Thus, the code in dr_analyze_indices that pushes an access-function for
if (nest
&& (INDIRECT_REF_P (aref)
|| TREE_CODE (aref) == MEM_REF))
{
probably shouldn't do so if the base analysis
op = TREE_OPERAND (aref, 0);
access_fn = analyze_scalar_evolution (loop, op);
access_fn = instantiate_scev (before_loop, loop, access_fn);
isn't a POLYNOMIAL_CHREC. Because then we have no idea if the
steps / element sizes are compatible.
For example for
int a[256] = { 0, 0, 0, 0, 7, 9, 0, 0, };
int main()
{
int i;
for (i = 0; i < 256; ++i)
{
a[i] = (*((char(*)[8])&a[4]))[i];
}
}
we create
Creating dr for MEM[(char[8] *)&a + 16B][i_12]
analyze_innermost: success.
base_address: &a
offset from base address: 0
constant offset from base address: 16
step: 1
aligned to: 128
base_object: MEM[(char[8] *)&a]
Creating dr for a[i_12]
analyze_innermost: success.
base_address: &a
offset from base address: 0
constant offset from base address: 0
step: 4
aligned to: 128
base_object: a
(compute_affine_dependence
(stmt_a =
D.2727_4 = MEM[(char[8] *)&a + 16B][i_12];
)
(stmt_b =
a[i_12] = D.2728_5;
)
)
(Data Dep:
#(Data Ref:
# bb: 3
# stmt: D.2727_4 = MEM[(char[8] *)&a + 16B][i_12];
# ref: MEM[(char[8] *)&a + 16B][i_12];
# base_object: MEM[(char[8] *)&a];
# Access function 0: {0, +, 1}_1
# Access function 1: 16B
#)
#(Data Ref:
# bb: 3
# stmt: a[i_12] = D.2728_5;
# ref: a[i_12];
# base_object: a
# Access function 0: {0, +, 1}_1
#)
(don't know)
with a mismatched number of access functions.
On the 4.5 branch we seem to do the same and we seem to rely on the
mismatch in the number of access functions to say "don't know" for
dependence analysis.

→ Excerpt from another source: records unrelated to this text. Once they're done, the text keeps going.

(* Let $\epsilon>0$ be a constant. If the aspect ratio $\mathcal{A}=\mathcal{W}_{\max}/\mathcal{W}_{\min}$ of the input graph $G$ (with $n$ vertices) satisfies $\mathcal{A}=O(\mathrm{poly}(n))$, then the number of layer-contraction phases (calls to ContractLayer) performed by ParHAC$(G,\epsilon)$ is $O(\log n)$.
   Context: Setting: an undirected graph $G=(V,E,w)$ with $n$ vertices and positive edge weights; $\mathcal{W}_{\max}$ and $\mathcal{W}_{\min}$ are its largest and smallest edge weights. A partition of $V$ into clusters is maintained (initially singletons), together with the cluster graph $H$ whose vertices are the clusters, with an edge between clusters $X\neq Y$ iff $G$ has an edge between them, of average-linkage weight $\mathcal{W}(X,Y)=\sum_{(x,y)\in E,\,x\in X,\,y\in Y} w(x,y)/(|X||Y|)$. Algorithm ParHAC$(G,\epsilon)$: while $H$ has edges, let $W_{\max}$ be the current maximum edge weight of $H$ and call ContractLayer with threshold $T_L=W_{\max}/(1+\epsilon)$. A call to ContractLayer (a layer-contraction phase) performs a sequence of merges of edges of $H$ (replacing two adjacent clusters by their union, with weights of $H$ updated by the average-linkage formula), each merged edge having weight at least $T_L/(1+\epsilon)$ at the time of merging, and returns only when every edge of $H$ has weight less than $T_L$. *)

theory Defs
  imports Main "HOL-Library.FuncSet" Complex_Main
begin

text \<open>An undirected weighted graph on vertices of type nat: finite vertex set V,
  symmetric irreflexive edge relation E (each undirected edge appears as both
  ordered pairs), positive symmetric edge weights w.\<close>
definition wf_graph :: "nat set \<Rightarrow> (nat \<times> nat) set \<Rightarrow> (nat \<Rightarrow> nat \<Rightarrow> real) \<Rightarrow> bool" where
  "wf_graph V E w \<longleftrightarrow> finite V \<and> E \<subseteq> V \<times> V \<and> sym E \<and> irrefl E
     \<and> (\<forall>(x,y)\<in>E. w x y > 0) \<and> (\<forall>x y. w x y = w y x)"

definition graph_Wmax :: "(nat \<times> nat) set \<Rightarrow> (nat \<Rightarrow> nat \<Rightarrow> real) \<Rightarrow> real" where
  "graph_Wmax E w = Max ((\<lambda>(x,y). w x y) ` E)"

definition graph_Wmin :: "(nat \<times> nat) set \<Rightarrow> (nat \<Rightarrow> nat \<Rightarrow> real) \<Rightarrow> real" where
  "graph_Wmin E w = Min ((\<lambda>(x,y). w x y) ` E)"

text \<open>Average-linkage weight between two (disjoint) clusters; each undirected edge
  between X and Y is counted once as the ordered pair (x,y) with x in X, y in Y.\<close>
definition cw :: "(nat \<times> nat) set \<Rightarrow> (nat \<Rightarrow> nat \<Rightarrow> real) \<Rightarrow> nat set \<Rightarrow> nat set \<Rightarrow> real" where
  "cw E w X Y = (\<Sum>(x,y)\<in>E \<inter> (X \<times> Y). w x y) / (real (card X) * real (card Y))"

definition hedge :: "(nat \<times> nat) set \<Rightarrow> nat set set \<Rightarrow> nat set \<Rightarrow> nat set \<Rightarrow> bool" where
  "hedge E P X Y \<longleftrightarrow> X \<in> P \<and> Y \<in> P \<and> X \<noteq> Y \<and> (\<exists>x\<in>X. \<exists>y\<in>Y. (x,y) \<in> E)"

definition has_hedge :: "(nat \<times> nat) set \<Rightarrow> nat set set \<Rightarrow> bool" where
  "has_hedge E P \<longleftrightarrow> (\<exists>X Y. hedge E P X Y)"

definition H_Wmax :: "(nat \<times> nat) set \<Rightarrow> (nat \<Rightarrow> nat \<Rightarrow> real) \<Rightarrow> nat set set \<Rightarrow> real" where
  "H_Wmax E w P = Max {cw E w X Y | X Y. hedge E P X Y}"

definition merge_step :: "(nat \<times> nat) set \<Rightarrow> (nat \<Rightarrow> nat \<Rightarrow> real) \<Rightarrow> real \<Rightarrow> real
    \<Rightarrow> nat set set \<Rightarrow> nat set set \<Rightarrow> bool" where
  "merge_step E w eps T P P' \<longleftrightarrow> (\<exists>X Y. hedge E P X Y \<and> cw E w X Y \<ge> T / (1 + eps)
       \<and> P' = insert (X \<union> Y) (P - {X, Y}))"

definition contract_layer :: "(nat \<times> nat) set \<Rightarrow> (nat \<Rightarrow> nat \<Rightarrow> real) \<Rightarrow> real \<Rightarrow> real
    \<Rightarrow> nat set set \<Rightarrow> nat set set \<Rightarrow> bool" where
  "contract_layer E w eps T P P' \<longleftrightarrow> (merge_step E w eps T)\<^sup>*\<^sup>* P P'
       \<and> (\<forall>X Y. hedge E P' X Y \<longrightarrow> cw E w X Y < T)"

text \<open>A complete run of ParHAC(G,eps) performing exactly k calls of ContractLayer,
  with Ps i the partition before the (i+1)-st call.\<close>
definition parhac_run :: "nat set \<Rightarrow> (nat \<times> nat) set \<Rightarrow> (nat \<Rightarrow> nat \<Rightarrow> real) \<Rightarrow> real
    \<Rightarrow> (nat \<Rightarrow> nat set set) \<Rightarrow> nat \<Rightarrow> bool" where
  "parhac_run V E w eps Ps k \<longleftrightarrow>
     Ps 0 = (\<lambda>v. {v}) ` V
     \<and> (\<forall>i<k. has_hedge E (Ps i)
          \<and> contract_layer E w eps (H_Wmax E w (Ps i) / (1 + eps)) (Ps i) (Ps (Suc i)))
     \<and> \<not> has_hedge E (Ps k)"

end

theory Submission
  imports Defs
begin

text \<open>An average-linkage weight is a sum of between one and \<open>|X||Y| \<le> n\<^sup>2\<close> edge weights
  divided by \<open>|X||Y|\<close>, so every edge of the cluster graph weighs between \<open>Wmin/n\<^sup>2\<close> and
  \<open>Wmax\<close>. A layer-contraction phase with threshold \<open>W/(1+eps)\<close> returns only once every edge
  weighs less than that threshold, so the maximum weight of the cluster graph shrinks by a
  factor \<open>1+eps\<close> per phase (only this exit condition matters, not the bound on the
  individual merges). After \<open>k\<close> phases therefore \<open>(1+eps)\<^sup>k\<^sup>-\<^sup>1 \<le> n\<^sup>2 Wmax/Wmin\<close>, which is
  polynomial in \<open>n\<close> when the aspect ratio is, whence \<open>k = O(log n)\<close>.\<close>

definition clusters_within :: "nat set \<Rightarrow> nat set set \<Rightarrow> bool" where
  "clusters_within V P \<longleftrightarrow> (\<forall>X\<in>P. X \<noteq> {} \<and> X \<subseteq> V)"

lemma merge_step_clusters_within:
  "merge_step E w eps T P P' \<Longrightarrow> clusters_within V P \<Longrightarrow> clusters_within V P'"
  unfolding merge_step_def clusters_within_def hedge_def by auto

lemma merge_steps_clusters_within:
  "(merge_step E w eps T)\<^sup>*\<^sup>* P P' \<Longrightarrow> clusters_within V P \<Longrightarrow> clusters_within V P'"
  by (induction rule: rtranclp_induct) (auto intro: merge_step_clusters_within)

lemma parhac_run_clusters_within:
  assumes run: "parhac_run V E w eps Ps k" and "i \<le> k"
  shows "clusters_within V (Ps i)"
  using \<open>i \<le> k\<close>
proof (induction i)
  case 0
  then show ?case using run unfolding parhac_run_def clusters_within_def by auto
next
  case (Suc i)
  then have "(merge_step E w eps (H_Wmax E w (Ps i) / (1 + eps)))\<^sup>*\<^sup>* (Ps i) (Ps (Suc i))"
    using run unfolding parhac_run_def contract_layer_def by auto
  with Suc show ?case using merge_steps_clusters_within by auto
qed

lemma H_Wmax_attained:
  assumes "finite V" "clusters_within V P" "has_hedge E P"
  obtains X Y where "hedge E P X Y" "H_Wmax E w P = cw E w X Y"
proof -
  have "P \<subseteq> Pow V" using assms(2) unfolding clusters_within_def by auto
  then have "finite P" using assms(1) finite_subset by blast
  moreover have "{cw E w X Y | X Y. hedge E P X Y} \<subseteq> (\<lambda>(X, Y). cw E w X Y) ` (P \<times> P)"
    unfolding hedge_def by auto
  ultimately have "finite {cw E w X Y | X Y. hedge E P X Y}" using finite_subset by blast
  moreover have "{cw E w X Y | X Y. hedge E P X Y} \<noteq> {}"
    using assms(3) unfolding has_hedge_def by auto
  ultimately have "H_Wmax E w P \<in> {cw E w X Y | X Y. hedge E P X Y}"
    unfolding H_Wmax_def by (rule Max_in)
  then show ?thesis using that by auto
qed

lemma contract_layer_H_Wmax_less:
  assumes "contract_layer E w eps T P P'" "finite V" "clusters_within V P'" "has_hedge E P'"
  shows "H_Wmax E w P' < T"
proof -
  obtain X Y where "hedge E P' X Y" "H_Wmax E w P' = cw E w X Y"
    using H_Wmax_attained[OF assms(2-4)] .
  then show ?thesis using assms(1) unfolding contract_layer_def by auto
qed

lemma parhac_run_H_Wmax_decay:
  assumes run: "parhac_run V E w eps Ps k" and "finite V" "eps \<ge> 0" "i < k"
  shows "H_Wmax E w (Ps i) * (1 + eps) ^ i \<le> H_Wmax E w (Ps 0)"
  using \<open>i < k\<close>
proof (induction i)
  case 0
  then show ?case by simp
next
  case (Suc i)
  have layer: "contract_layer E w eps (H_Wmax E w (Ps i) / (1 + eps)) (Ps i) (Ps (Suc i))"
    and hedge: "has_hedge E (Ps (Suc i))"
    using run Suc.prems unfolding parhac_run_def by auto
  have "clusters_within V (Ps (Suc i))"
    using parhac_run_clusters_within[OF run] Suc.prems by simp
  then have "H_Wmax E w (Ps (Suc i)) < H_Wmax E w (Ps i) / (1 + eps)"
    using contract_layer_H_Wmax_less[OF layer \<open>finite V\<close> _ hedge] by simp
  then have drop: "H_Wmax E w (Ps (Suc i)) * (1 + eps) \<le> H_Wmax E w (Ps i)"
    using \<open>eps \<ge> 0\<close> by (simp add: field_simps)
  have "H_Wmax E w (Ps (Suc i)) * (1 + eps) ^ Suc i
      = H_Wmax E w (Ps (Suc i)) * (1 + eps) * (1 + eps) ^ i"
    by (simp add: mult_ac)
  also have "\<dots> \<le> H_Wmax E w (Ps i) * (1 + eps) ^ i"
    using drop \<open>eps \<ge> 0\<close> by (intro mult_right_mono) auto
  also have "\<dots> \<le> H_Wmax E w (Ps 0)"
    using Suc by simp
  finally show ?case .
qed

lemma wf_graph_finite_edges: "wf_graph V E w \<Longrightarrow> finite E"
  unfolding wf_graph_def by (meson finite_SigmaI finite_subset)

lemma graph_Wmin_le: "wf_graph V E w \<Longrightarrow> (x, y) \<in> E \<Longrightarrow> graph_Wmin E w \<le> w x y"
  unfolding graph_Wmin_def using wf_graph_finite_edges by (intro Min_le) force+

lemma graph_Wmax_ge: "wf_graph V E w \<Longrightarrow> (x, y) \<in> E \<Longrightarrow> w x y \<le> graph_Wmax E w"
  unfolding graph_Wmax_def using wf_graph_finite_edges by (intro Max_ge) force+

lemma graph_Wmin_pos:
  assumes "wf_graph V E w" "E \<noteq> {}"
  shows "graph_Wmin E w > 0"
proof -
  have "graph_Wmin E w \<in> (\<lambda>(x, y). w x y) ` E"
    unfolding graph_Wmin_def using wf_graph_finite_edges[OF assms(1)] assms(2) by (intro Min_in) auto
  then show ?thesis using assms(1) unfolding wf_graph_def by auto
qed

lemma wf_graph_card_ge_2:
  assumes g: "wf_graph V E w" and "(x, y) \<in> E"
  shows "2 \<le> card V"
proof -
  have "x \<noteq> y" "{x, y} \<subseteq> V" using assms unfolding wf_graph_def irrefl_def by auto
  then have "card {x, y} \<le> card V" using g unfolding wf_graph_def by (intro card_mono) auto
  with \<open>x \<noteq> y\<close> show ?thesis by simp
qed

Testcase:
extern void abort (void);
int a[6] = { 0, 0, 0, 0, 7, 0 };
int
main ()
{
int i;
int (*p)[1] = &a[4];
for (i = 0; i < 4; ++i)
{
a[i + 1] = a[i + 2] > i;
(*p)[i] &= ~1;
}
if (a[4] != 0)
abort ();
return 0;
}
#(Data Ref:
# stmt: D.2727_9 = (*p_3)[i_19];
# ref: (*p_3)[i_19];
# base_object: (*(int[1] *) &a)[0];
# Access function 0: {0, +, 1}_1
# Access function 1: 16B
so the new "issue" seems to be that with invariant DRs now allowed
we have a spurious match in access functions, because with a
non-indirect ref base we do not add a access function for the base
(which would be simply 0B).
Of course then still
(Data Dep:
#(Data Ref:
# bb: 3
# stmt: D.2727_4 = MEM[(char[8] *)&a + 16B][i_12];
# ref: MEM[(char[8] *)&a + 16B][i_12];
# base_object: a
# Access function 0: {0, +, 1}_1
# Access function 1: 16B
#)
#(Data Ref:
# bb: 3
# stmt: a[i_12] = D.2728_5;
# ref: a[i_12];
# base_object: a
# Access function 0: {0, +, 1}_1
# Access function 1: 0
#)
(no dependence)
because the code assumes that access functions affect "independent"
index spaces, if you look at
int a[256] = { 0, 0, 0, 0, 7, 9, 0, 0, };
int main()
{
int i;
for (i = 0; i < 256; ++i)
{
a[i] = (*((char(*)[8])&a[4]))[i];
}
}
so it seems that rather than adding a separate access function for
the base pointer object (which could be dependent on i as well!)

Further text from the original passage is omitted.